The U.S. government wants to encourage citizens to save for retirement and for advanced education, and one of the best incentives for saving is a tax break. These plans work differently in how the investor ultimately gets the tax break. In a traditional IRA or 401(k), the tax break comes at the beginning on the contributions the saver makes that year.
For example, assume you contribute $5,000 to a traditional IRA or 401(k) plan in 2017 and you make $50,000 in wages and other income that year. When you do your taxes prior to the April 15, 2018, deadline, you will be taxed only on $45,000 of income because you deferred $5,000 that year into your qualified retirement account. Roth IRAs and Roth 401(k) plans have a different tax treatment.
The 529 plan offers a different kind of tax break. In this account, the money that is contributed to the plan in a particular year is before-tax money that does not reduce your taxable income. In other words, if you contribute $5,000 to your child’s 529 plan in 2017 and you make $50,000 in wages and other income that year, your taxable income for 2017 is still $50,000.

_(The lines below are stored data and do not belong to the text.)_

(* Let $C$ be a binary $[n,k]$ code with $C^\perp\neq\{\bm 0\}$ and $3<d(C^\perp)<k+1$. Then $\gamma(C)\le k-d(C^\perp)+2$.
   Context: An $[n,k]$ code over $\mathbb{F}_q$ is a $k$-dimensional subspace $C\subseteq\mathbb{F}_q^n$; binary means $q=2$; write $E=\{1,\dots,n\}$. For $\bm{x}\in\mathbb{F}_q^n$, $\mathrm{supp}(\bm{x})=\{i: x_i\neq 0\}$ and the weight is $|\mathrm{supp}(\bm{x})|$; for $B\subseteq\mathbb{F}_q^n$, $\mathrm{Supp}(B)=\bigcup_{\bm{x}\in B}\mathrm{supp}(\bm{x})$. $C^\perp$ is the dual code with respect to the standard inner product and $d(C^\perp)$ is the minimum weight of a nonzero codeword of $C^\perp$. The covering dimension is $\gamma(C)=\infty$ if $\mathrm{Supp}(C)\neq E$, and otherwise $\gamma(C)$ is the least positive integer $r$ such that $C$ has an $r$-dimensional subspace $D$ with $\mathrm{Supp}(D)=E$. *)

theory Defs
  imports "HOL-Analysis.Analysis" "HOL-Library.Extended_Nat"
begin

text \<open>Codes of length n over a field F are subspaces of F^n, modelled as
  'F ^ 'n with the finite index type 'n (so n = CARD('n)); linear structure
  is the library interpretation vec (scalar multiplication *s).\<close>

definition supp :: "'a::zero ^ 'n \<Rightarrow> 'n set" where
  "supp x = {i. x $ i \<noteq> 0}"

definition Supp :: "('a::zero ^ 'n) set \<Rightarrow> 'n set" where
  "Supp B = (\<Union>x\<in>B. supp x)"

definition wt :: "'a::zero ^ 'n \<Rightarrow> nat" where
  "wt x = card (supp x)"

definition dotp :: "'a::comm_semiring_0 ^ 'n \<Rightarrow> 'a ^ 'n \<Rightarrow> 'a" where
  "dotp x y = (\<Sum>i\<in>UNIV. x $ i * y $ i)"

definition dual_code :: "('a::field ^ 'n) set \<Rightarrow> ('a ^ 'n) set" where
  "dual_code C = {y. \<forall>x\<in>C. dotp x y = 0}"

definition min_dist :: "('a::zero ^ 'n) set \<Rightarrow> nat" where
  "min_dist D = Min {wt y | y. y \<in> D \<and> y \<noteq> 0}"

definition cov_dim :: "('a::field ^ 'n) set \<Rightarrow> enat" where
  "cov_dim C = (if Supp C \<noteq> UNIV then \<infinity>
     else enat (LEAST r. 0 < r \<and> (\<exists>D. vec.subspace D \<and> D \<subseteq> C \<and> vec.dim D = r \<and> Supp D = UNIV)))"

end

theory Submission
  imports Defs
begin

(* Write d for the minimum distance of the dual code. A dual word supported on fewer than d
   coordinates vanishes, so C maps onto every set of fewer than d coordinates. It suffices to
   find a set J of d - 1 coordinates such that every coordinate is nonzero on some codeword
   constant on J: the codewords constant on J then form a subcode with full support, and the
   d - 2 independent conditions x_j = x_a0 (j in J) cut its dimension down to k - d + 2.
   A coordinate j outside J is only in danger if some dual word is supported on J + j and
   nonzero at j; such a word has weight d, so over GF(2) it is the indicator of J + j.
   For even d, any J works: orthogonality of that indicator to a codeword equal to 1 on J forces
   the codeword to be 1 at j. For odd d, choose a set I of d coordinates carrying no nonzero
   dual word (it exists since dim C > d - 1) and J = I - p. The point p is bad only if a dual
   word exchanges p for an outside coordinate, and exchange words for two distinct p would
   differ by a nonzero dual word of weight at most 4 < d. *)

definition restr :: "'n set \<Rightarrow> 'a::zero ^ 'n \<Rightarrow> 'a ^ 'n" where
  "restr K x = (\<chi> i. if i \<in> K then x $ i else 0)"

When you do your taxes in the early part of 2018, you will still be taxed on $50,000 of income because the $5,000 did not reduce your taxes in 2017. For a 529 plan, the tax break comes years later, when your child heads to college. Assume that over 12 years of his or her growing up, you contributed $30,000 to your child’s 529 plan. The $30,000 you invested earned $5,000 in capital gains. When you start to take the money out of the 529 plan to pay for qualified college costs, that $5,000 of gains comes out without incurring tax.